Whether they are capable business, it is hard to read. This sector however does allow people whom have connections to either our country's oil business, the federal or state government to succeed. O&G is quite a unique business where in many countries, the assets are state owned. This is similar in Malaysia where the asset is owned by Petronas and ultimately the PM's office control.

This was especially so when oil touched $120 per barrel and at that period Petronas was probably more relaxed in developing Malaysian O&G companies. When oil comes down to $60, it will be a different story. I believe Petronas will be more careful. At this period, it will be the time to separate the boys from the men, as someone would say it.

As an investor, it is important to figure out and try to eliminate what is investible and which one is potentially high risk. The retail business is investible and those include PDB and Petron. Then there are the equipment suppliers, companies like Wah Seong, Favelle Favco. Dialog is another one where they have made it successful in the business and they are proven company.
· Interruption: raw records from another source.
lemma lookup_mult_unique_decomposition:
  fixes a b :: "'m::monoid_add \<Rightarrow>\<^sub>0 'k::semiring_0"
  assumes "\<And>l r. l \<in> Poly_Mapping.keys a \<Longrightarrow> r \<in> Poly_Mapping.keys b \<Longrightarrow> l + r = l0 + r0
      \<Longrightarrow> l = l0 \<and> r = r0"
  shows "Poly_Mapping.lookup (a * b) (l0 + r0) = Poly_Mapping.lookup a l0 * Poly_Mapping.lookup b r0"
proof -
  have "Poly_Mapping.lookup (a * b) (l0 + r0)
      = (\<Sum>(l, r). Poly_Mapping.lookup a l * Poly_Mapping.lookup b r when l0 + r0 = l + r)"
    by (simp add: times_poly_mapping.rep_eq prod_fun_unfold_prod)
  also have "\<dots> = (\<Sum>lr. Poly_Mapping.lookup a l0 * Poly_Mapping.lookup b r0 when lr = (l0, r0))"
  proof (rule Sum_any.cong)
    fix lr :: "'m \<times> 'm"
    obtain l r where lr: "lr = (l, r)"
      by fastforce
    have "Poly_Mapping.lookup a l = 0 \<or> Poly_Mapping.lookup b r = 0" if "l0 + r0 = l + r" "lr \<noteq> (l0, r0)"
      using assms[of l r] that lr by (auto simp: in_keys_iff)
    then show "(case lr of (l, r) \<Rightarrow> Poly_Mapping.lookup a l * Poly_Mapping.lookup b r when l0 + r0 = l + r)
        = (Poly_Mapping.lookup a l0 * Poly_Mapping.lookup b r0 when lr = (l0, r0))"
      using lr by (auto simp: when_def)
  qed
  also have "\<dots> = Poly_Mapping.lookup a l0 * Poly_Mapping.lookup b r0"
    by simp
  finally show ?thesis .
qed

lemma additive_embedding_max_sum_unique:
  fixes \<tau> :: "'m::cancel_comm_monoid_add \<Rightarrow> 'o::linordered_cancel_ab_semigroup_add"
  assumes "inj \<tau>" "\<And>x y. \<tau> (x + y) = \<tau> x + \<tau> y"
    and "\<forall>l\<in>A. \<tau> l \<le> \<tau> l0" "\<forall>r\<in>B. \<tau> r \<le> \<tau> r0"
    and "l \<in> A" "r \<in> B" "l + r = l0 + r0"
  shows "l = l0 \<and> r = r0"
proof -
  have le: "\<tau> l \<le> \<tau> l0" "\<tau> r \<le> \<tau> r0"
    using assms(3-6) by auto
  have sum: "\<tau> l + \<tau> r = \<tau> l0 + \<tau> r0"
    using assms(7) by (simp only: assms(2)[symmetric])
  have "\<tau> l = \<tau> l0"
  proof (rule ccontr)
    assume "\<tau> l \<noteq> \<tau> l0"
    then have "\<tau> l + \<tau> r < \<tau> l0 + \<tau> r0"
      using le by (intro add_less_le_mono) auto
    then show False
      using sum by simp
  qed
  then have "l = l0"
    using assms(1) by (simp add: inj_eq)
  then show ?thesis
    using assms(7) by simp
qed

text \<open>The monomials avoiding \<open>S\<close> are closed under sums and under summands; ordering them
  through an additive embedding into the ordered monoid \<open>nat \<Rightarrow>\<^sub>0 nat\<close>, the sum of the largest
  such monomials of \<open>a\<close> and of \<open>b\<close> arises in only one way.\<close>
lemma keys_mult_avoiding:
  fixes a b :: "('v::countable, 'k::semiring_no_zero_divisors) mpoly"
  assumes "m1 \<in> Poly_Mapping.keys a" "\<forall>v\<in>S. Poly_Mapping.lookup m1 v = 0"
    and "m2 \<in> Poly_Mapping.keys b" "\<forall>v\<in>S. Poly_Mapping.lookup m2 v = 0"
  shows "\<exists>m\<in>Poly_Mapping.keys (a * b). \<forall>v\<in>S. Poly_Mapping.lookup m v = 0"
proof -
  obtain \<tau> :: "('v \<Rightarrow>\<^sub>0 nat) \<Rightarrow> (nat \<Rightarrow>\<^sub>0 nat)" where \<tau>: "inj \<tau>" "\<And>x y. \<tau> (x + y) = \<tau> x + \<tau> y"
    using exists_additive_embedding by blast
  define avoids where "avoids m \<longleftrightarrow> (\<forall>v\<in>S. Poly_Mapping.lookup m v = 0)" for m :: "'v \<Rightarrow>\<^sub>0 nat"
  have avoids_add: "avoids (l + r) \<longleftrightarrow> avoids l \<and> avoids r" for l r
    unfolding avoids_def by (auto simp: lookup_add)
  define A where "A = {m \<in> Poly_Mapping.keys a. avoids m}"
  define B where "B = {m \<in> Poly_Mapping.keys b. avoids m}"
  have "finite (\<tau> ` A)" "\<tau> ` A \<noteq> {}" "finite (\<tau> ` B)" "\<tau> ` B \<noteq> {}"
    using assms unfolding A_def B_def avoids_def by auto
  then obtain l0 r0 where "l0 \<in> A" "\<tau> l0 = Max (\<tau> ` A)" "r0 \<in> B" "\<tau> r0 = Max (\<tau> ` B)"
    using Max_in[of "\<tau> ` A"] Max_in[of "\<tau> ` B"] by (fastforce simp del: Max_in)
  then have l0: "l0 \<in> A" "\<forall>l\<in>A. \<tau> l \<le> \<tau> l0" and r0: "r0 \<in> B" "\<forall>r\<in>B. \<tau> r \<le> \<tau> r0"
    using \<open>finite (\<tau> ` A)\<close> \<open>finite (\<tau> ` B)\<close> by auto
  have "l = l0 \<and> r = r0"
    if "l \<in> Poly_Mapping.keys a" "r \<in> Poly_Mapping.keys b" "l + r = l0 + r0" for l r
  proof (rule additive_embedding_max_sum_unique[OF \<tau> l0(2) r0(2) _ _ that(3)])
    have "avoids (l + r)"
      using that(3) l0(1) r0(1) avoids_add unfolding A_def B_def by simp
    then show "l \<in> A" "r \<in> B"
      using that(1,2) avoids_add unfolding A_def B_def by simp_all
  qed
  then have "Poly_Mapping.lookup (a * b) (l0 + r0) = Poly_Mapping.lookup a l0 * Poly_Mapping.lookup b r0"
    by (rule lookup_mult_unique_decomposition)
  also have "\<dots> \<noteq> 0"
    using l0(1) r0(1) unfolding A_def B_def by (simp add: in_keys_iff)
  finally have "l0 + r0 \<in> Poly_Mapping.keys (a * b)"
    by (simp add: in_keys_iff)
  moreover have "avoids (l0 + r0)"
    using l0(1) r0(1) avoids_add unfolding A_def B_def by blast
  ultimately show ?thesis
    unfolding avoids_def by blast
qed
section \<open>Monomial independence\<close>

definition mon_indep :: "('k::field \<Rightarrow> 'v::ab_group_add \<Rightarrow> 'v) \<Rightarrow> ('v \<Rightarrow> 'v \<Rightarrow> 'v) \<Rightarrow> 'v \<Rightarrow> 'v set \<Rightarrow> bool" where
  "mon_indep scale br b C \<longleftrightarrow> (\<forall>K c. finite K \<and> (\<forall>M\<in>K. set_mset M \<subseteq> C) \<and>
      (\<Sum>M\<in>K. scale (c M) (mon_act br b M)) = 0 \<longrightarrow> (\<forall>M\<in>K. c M = 0))"

lemma mon_indepD:
  "mon_indep scale br b C \<Longrightarrow> finite K \<Longrightarrow> (\<And>M. M \<in> K \<Longrightarrow> set_mset M \<subseteq> C) \<Longrightarrow>
    (\<Sum>M\<in>K. scale (c M) (mon_act br b M)) = 0 \<Longrightarrow> M \<in> K \<Longrightarrow> c M = 0"
  unfolding mon_indep_def by blast

lemma mon_indep_subset: "mon_indep scale br b C \<Longrightarrow> C' \<subseteq> C \<Longrightarrow> mon_indep scale br b C'"
  unfolding mon_indep_def by blast

lemma mon_indep_iff_finite_subsets:
  "mon_indep scale br b C \<longleftrightarrow> (\<forall>C0. finite C0 \<and> C0 \<subseteq> C \<longrightarrow> mon_indep scale br b C0)"
proof (intro iffI allI impI)
  assume fin: "\<forall>C0. finite C0 \<and> C0 \<subseteq> C \<longrightarrow> mon_indep scale br b C0"
  show "mon_indep scale br b C"
    unfolding mon_indep_def
  proof (intro allI impI, elim conjE)
    fix K c assume K: "finite K" "\<forall>M\<in>K. set_mset M \<subseteq> C"
      and "(\<Sum>M\<in>K. scale (c M) (mon_act br b M)) = 0"
    moreover have "mon_indep scale br b (\<Union>(set_mset ` K))"
      using fin K by auto
    ultimately show "\<forall>M\<in>K. c M = 0"
      using mon_indepD[of scale br b "\<Union>(set_mset ` K)" K] by blast
  qed
qed (auto intro: mon_indep_subset)

lemma mon_act_empty [simp]: "mon_act br b {#} = b"
  unfolding mon_act_def by simp

definition bounded_msets :: "'a set \<Rightarrow> nat \<Rightarrow> 'a multiset set" where
  "bounded_msets C n = {M. set_mset M \<subseteq> C \<and> size M \<le> n}"

lemma finite_bounded_msets: "finite C \<Longrightarrow> finite (bounded_msets C n)"
proof -
  assume "finite C"
  have "bounded_msets C n \<subseteq> mset ` {xs. set xs \<subseteq> C \<and> length xs \<le> n}"
  proof
    fix M assume "M \<in> bounded_msets C n"
    moreover obtain xs where "mset xs = M" using ex_mset by blast
    ultimately show "M \<in> mset ` {xs. set xs \<subseteq> C \<and> length xs \<le> n}"
      by (intro image_eqI[of _ _ xs]) (auto simp: bounded_msets_def)
  qed
  then show ?thesis
    using finite_lists_length_le[OF \<open>finite C\<close>] finite_subset by blast
qed

lemma card_bounded_msets_mono:
  assumes "finite C" "finite C'" "card C' \<le> card C"
  shows "card (bounded_msets C' n) \<le> card (bounded_msets C n)"
proof -
  obtain g where g: "g ` C' \<subseteq> C" "inj_on g C'"
    using card_le_inj[OF assms(2,1,3)] by blast
  have "image_mset (inv_into C' g) (image_mset g M) = M" if "set_mset M \<subseteq> C'" for M
    using that g(2) by (simp add: multiset.map_comp inv_into_f_f subset_iff cong: image_mset_cong)
  then have "inj_on (image_mset g) (bounded_msets C' n)"
    by (intro inj_on_inverseI[where g = "image_mset (inv_into C' g)"]) (auto simp: bounded_msets_def)
  moreover have "image_mset g ` bounded_msets C' n \<subseteq> bounded_msets C n"
    using g(1) by (fastforce simp: bounded_msets_def)
  ultimately show ?thesis
    using card_inj_on_le finite_bounded_msets[OF assms(1)] by blast
qed

context vector_space
begin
Then there are those that very hard to read, in terms capabilities especially to our Malaysian service providers which largely only supplies towards local projects. Those include Carimin, Perisai, Perdana Petroleum, Dayang, Icon Offshore and few others.

There are several companies that have made it overseas. Those include Yinson, Bumi Armada, Sapura Energy, Wah Seong, MISC. These are the companies that will provide a good basis for us to make our study as this is an international business and the ones that are able to compete internationally shows their competitiveness. The ones that have more than 80% of their business dependent on Malaysian contracts is just too risky.

The recent rise among O&G companies brought back an early exuberant towards the sector but we must be able to separate which are capable to compete and which ones are not. What has not really happened and to my disappointment is the lack of consolidation among the companies. There have been very little M&As within the sector and I feel that there are just too many companies. Although there will be natural attrition, the amount of consolidation is just too few.

I do think that while there seems to be a pick up in the sector, many of these companies will still find it hard to make ends meet. A run through of what the companies say in terms of prospects for 2019 and near term just shows that the good old days are far and between. It is true though that many stocks have touched their all time low. These provides huge opportunities.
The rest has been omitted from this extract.